In the 1970s, President Richard Nixon’s agriculture secretary told farmers to “get big or get out”.
This investigation has examined the far-reaching consequences of government support – political and economic – for big corporations that now dominate every part of the food chain.
Last week Joe Biden signed an executive order to tackle the rampant concentration across the US economy – including food and farming. Biden called on government agencies to enforce existing antitrust laws and consider rolling back recent mega-mergers which boosted profits and power for a handful of corporations while hurting the rest of us. The order specifically directs the USDA to take swift action to protect farmers including by making it easier for them to sue meat processors for alleged abuses.
But the problems in the current system run deep.
“From farm to fork, America’s food system has been rooted in the exploitation of women, Native Americans and people of color. This is at the heart of capitalist food politics – big corporations taking as much as they can and paying as little as possible for it,” said Raj Patel, academic and author of Stuffed and Starved: Markets, Power and the Hidden Battle for the World’s Food System.

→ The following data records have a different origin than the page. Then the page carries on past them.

(* Let $Q$ be a right Leibniz algebra which is a weak algebra of quotients of its subalgebra $L$. (1) If $I$ is a nonzero ideal of $Q$, then $I\cap L$ is a nonzero ideal of $L$. (2) If $L$ is semiprime (respectively prime), then so is $Q$.
   Context: A right Leibniz algebra satisfies $[x,[y,z]]=[[x,y],z]-[[x,z],y]$. Ideals: subspaces $I$ with $[I,A]\subseteq I$, $[A,I]\subseteq I$ in the ambient algebra $A$. A Leibniz algebra is semiprime if $[I,I]\ne\{0\}$ for every nonzero ideal $I$, and prime if $[I,J]\neq\{0\}$ for all nonzero ideals $I,J$. $Q$ is a weak algebra of quotients of $L$ if for every $0\ne q\in Q$ there exists $x\in L$ with $0\ne[q,x]\in L$ or $y\in L$ with $0\ne[y,q]\in L$. *)

theory Defs
  imports Complex_Main
begin

text \<open>A right Leibniz algebra over a field: a vector space (scalar multiplication
  sc) with a bilinear bracket br satisfying [x,[y,z]] = [[x,y],z] - [[x,z],y].
  The algebra Q is the whole carrier type.\<close>

definition right_leibniz_algebra ::
  "('k::field \<Rightarrow> 'v::ab_group_add \<Rightarrow> 'v) \<Rightarrow> ('v \<Rightarrow> 'v \<Rightarrow> 'v) \<Rightarrow> bool" where
  "right_leibniz_algebra sc br \<longleftrightarrow>
     vector_space sc \<and>
     (\<forall>x y z. br (x + y) z = br x z + br y z) \<and>
     (\<forall>x y z. br x (y + z) = br x y + br x z) \<and>
     (\<forall>a x y. br (sc a x) y = sc a (br x y)) \<and>
     (\<forall>a x y. br x (sc a y) = sc a (br x y)) \<and>
     (\<forall>x y z. br x (br y z) = br (br x y) z - br (br x z) y)"

definition subalgebra ::
  "('k::field \<Rightarrow> 'v::ab_group_add \<Rightarrow> 'v) \<Rightarrow> ('v \<Rightarrow> 'v \<Rightarrow> 'v) \<Rightarrow> 'v set \<Rightarrow> bool" where
  "subalgebra sc br L \<longleftrightarrow> module.subspace sc L \<and> (\<forall>x\<in>L. \<forall>y\<in>L. br x y \<in> L)"

definition ideal_of ::
  "('k::field \<Rightarrow> 'v::ab_group_add \<Rightarrow> 'v) \<Rightarrow> ('v \<Rightarrow> 'v \<Rightarrow> 'v) \<Rightarrow> 'v set \<Rightarrow> 'v set \<Rightarrow> bool" where
  "ideal_of sc br A I \<longleftrightarrow> module.subspace sc I \<and> I \<subseteq> A \<and>
     (\<forall>x\<in>I. \<forall>a\<in>A. br x a \<in> I \<and> br a x \<in> I)"

definition bracket_space ::
  "('k::field \<Rightarrow> 'v::ab_group_add \<Rightarrow> 'v) \<Rightarrow> ('v \<Rightarrow> 'v \<Rightarrow> 'v) \<Rightarrow> 'v set \<Rightarrow> 'v set \<Rightarrow> 'v set" where
  "bracket_space sc br I J = module.span sc {br x y | x y. x \<in> I \<and> y \<in> J}"

definition semiprime_alg ::
  "('k::field \<Rightarrow> 'v::ab_group_add \<Rightarrow> 'v) \<Rightarrow> ('v \<Rightarrow> 'v \<Rightarrow> 'v) \<Rightarrow> 'v set \<Rightarrow> bool" where
  "semiprime_alg sc br A \<longleftrightarrow>
     (\<forall>I. ideal_of sc br A I \<and> I \<noteq> {0} \<longrightarrow> bracket_space sc br I I \<noteq> {0})"

definition prime_alg ::
  "('k::field \<Rightarrow> 'v::ab_group_add \<Rightarrow> 'v) \<Rightarrow> ('v \<Rightarrow> 'v \<Rightarrow> 'v) \<Rightarrow> 'v set \<Rightarrow> bool" where
  "prime_alg sc br A \<longleftrightarrow>
     (\<forall>I J. ideal_of sc br A I \<and> I \<noteq> {0} \<and> ideal_of sc br A J \<and> J \<noteq> {0}
        \<longrightarrow> bracket_space sc br I J \<noteq> {0})"

definition weak_algebra_of_quotients ::
  "('v::zero \<Rightarrow> 'v \<Rightarrow> 'v) \<Rightarrow> 'v set \<Rightarrow> bool" where
  "weak_algebra_of_quotients br L \<longleftrightarrow>
     (\<forall>q. q \<noteq> 0 \<longrightarrow> (\<exists>x\<in>L. br q x \<noteq> 0 \<and> br q x \<in> L) \<or> (\<exists>y\<in>L. br y q \<noteq> 0 \<and> br y q \<in> L))"

end

theory Submission
  imports Defs
begin

text \<open>A nonzero element q of an ideal I of Q has, by the weak-quotient condition, a nonzero
  bracket with some element of L which lies in L; being in I as well, it shows
  I \<inter> L \<noteq> 0. Nonzero brackets between the intersections with L are brackets between
  the ideals themselves, so semiprimeness and primeness pass from L to Q.\<close>

lemma bracket_space_eq_0_iff:
  assumes "vector_space sc"
  shows "bracket_space sc br I J = {0} \<longleftrightarrow> (\<forall>x\<in>I. \<forall>y\<in>J. br x y = 0)"
proof -
  interpret vector_space sc by fact
  let ?S = "{br x y | x y. x \<in> I \<and> y \<in> J}"
  have "span ?S = {0} \<longleftrightarrow> ?S \<subseteq> {0}"
    using span_superset[of ?S] span_minimal[of ?S "{0}"] span_zero[of ?S] by auto
  then show ?thesis
    unfolding bracket_space_def by blast
qed

lemma bracket_space_ne_0_mono:
  assumes "vector_space sc" and "bracket_space sc br I' J' \<noteq> {0}"
    and "I' \<subseteq> I" and "J' \<subseteq> J"
  shows "bracket_space sc br I J \<noteq> {0}"
  using assms by (auto simp: bracket_space_eq_0_iff)

lemma ideal_of_inter_subalgebra:
  assumes "vector_space sc" and "ideal_of sc br UNIV I" and "subalgebra sc br L"
  shows "ideal_of sc br L (I \<inter> L)"
proof -
  interpret vector_space sc by fact
  have "subspace I" "subspace L"
    using assms(2,3) unfolding ideal_of_def subalgebra_def by simp_all
  then have "subspace (I \<inter> L)"
    by (rule subspace_inter)
  with assms(2,3) show ?thesis
    unfolding ideal_of_def subalgebra_def by blast
qed

lemma ideal_inter_ne_0_if_weak_quotients:
  assumes "vector_space sc" and "weak_algebra_of_quotients br L"
    and "ideal_of sc br UNIV I" and "I \<noteq> {0}"
  shows "I \<inter> L \<noteq> {0}"
proof -
  interpret vector_space sc by fact
  have "0 \<in> I"
    using assms(3) subspace_0 unfolding ideal_of_def by blast
  with assms(4) obtain q where "q \<in> I" "q \<noteq> 0" by blast
  then have brackets_in_I: "br q x \<in> I" "br x q \<in> I" for x
    using assms(3) unfolding ideal_of_def by auto
  from assms(2) \<open>q \<noteq> 0\<close>
  have "(\<exists>x\<in>L. br q x \<noteq> 0 \<and> br q x \<in> L) \<or> (\<exists>y\<in>L. br y q \<noteq> 0 \<and> br y q \<in> L)"
    unfolding weak_algebra_of_quotients_def by blast
  with brackets_in_I show ?thesis by blast
qed

lemma semiprime_alg_UNIV_if_weak_quotients:
  assumes "vector_space sc" and "subalgebra sc br L" and "weak_algebra_of_quotients br L"
    and "semiprime_alg sc br L"
  shows "semiprime_alg sc br UNIV"
  unfolding semiprime_alg_def
proof (intro allI impI)
  fix I
  assume "ideal_of sc br UNIV I \<and> I \<noteq> {0}"
  then have "ideal_of sc br L (I \<inter> L)" "I \<inter> L \<noteq> {0}"
    using ideal_of_inter_subalgebra[OF assms(1) _ assms(2)]
      ideal_inter_ne_0_if_weak_quotients[OF assms(1,3)] by simp_all
  with assms(4) have "bracket_space sc br (I \<inter> L) (I \<inter> L) \<noteq> {0}"
    unfolding semiprime_alg_def by simp
  with assms(1) show "bracket_space sc br I I \<noteq> {0}"
    by (rule bracket_space_ne_0_mono) auto
qed

lemma prime_alg_UNIV_if_weak_quotients:
  assumes "vector_space sc" and "subalgebra sc br L" and "weak_algebra_of_quotients br L"
    and "prime_alg sc br L"
  shows "prime_alg sc br UNIV"
  unfolding prime_alg_def
proof (intro allI impI)
  fix I J
  assume "ideal_of sc br UNIV I \<and> I \<noteq> {0} \<and> ideal_of sc br UNIV J \<and> J \<noteq> {0}"
  then have "ideal_of sc br L (I \<inter> L)" "I \<inter> L \<noteq> {0}"
    and "ideal_of sc br L (J \<inter> L)" "J \<inter> L \<noteq> {0}"
    using ideal_of_inter_subalgebra[OF assms(1) _ assms(2)]
      ideal_inter_ne_0_if_weak_quotients[OF assms(1,3)] by simp_all
  with assms(4) have "bracket_space sc br (I \<inter> L) (J \<inter> L) \<noteq> {0}"
    unfolding prime_alg_def by simp
  with assms(1) show "bracket_space sc br I J \<noteq> {0}"
    by (rule bracket_space_ne_0_mono) auto
qed

theorem proposition3p6:
  fixes sc :: "'k::field \<Rightarrow> 'v::ab_group_add \<Rightarrow> 'v"
    and br :: "'v \<Rightarrow> 'v \<Rightarrow> 'v"
    and L :: "'v set"
  assumes "right_leibniz_algebra sc br"
    and "subalgebra sc br L"
    and "weak_algebra_of_quotients br L"
  shows "(\<forall>I. ideal_of sc br UNIV I \<and> I \<noteq> {0} \<longrightarrow> ideal_of sc br L (I \<inter> L) \<and> I \<inter> L \<noteq> {0})
         \<and> (semiprime_alg sc br L \<longrightarrow> semiprime_alg sc br UNIV)
         \<and> (prime_alg sc br L \<longrightarrow> prime_alg sc br UNIV)"
proof -
  have vs: "vector_space sc"
    using assms(1) unfolding right_leibniz_algebra_def by simp
  show ?thesis
    using ideal_of_inter_subalgebra[OF vs _ assms(2)]
      ideal_inter_ne_0_if_weak_quotients[OF vs assms(3)]
      semiprime_alg_UNIV_if_weak_quotients[OF vs assms(2,3)]
      prime_alg_UNIV_if_weak_quotients[OF vs assms(2,3)]
    by simp
qed

end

In addition to executive actions, which could be overturned by the next president, such deep-rooted injustices need sweeping reforms by Congress. But bills banning new mega-mergers and factory farms currently lack bipartisan support, despite public opinion supporting them.
It’s time to support small-scale regenerative farmers, regional food hubs and grocery coops, according to Starbuck. “Alternatives already exist. We just need to boost public funding and resources to help sustainable, affordable, more equitable food systems take root.”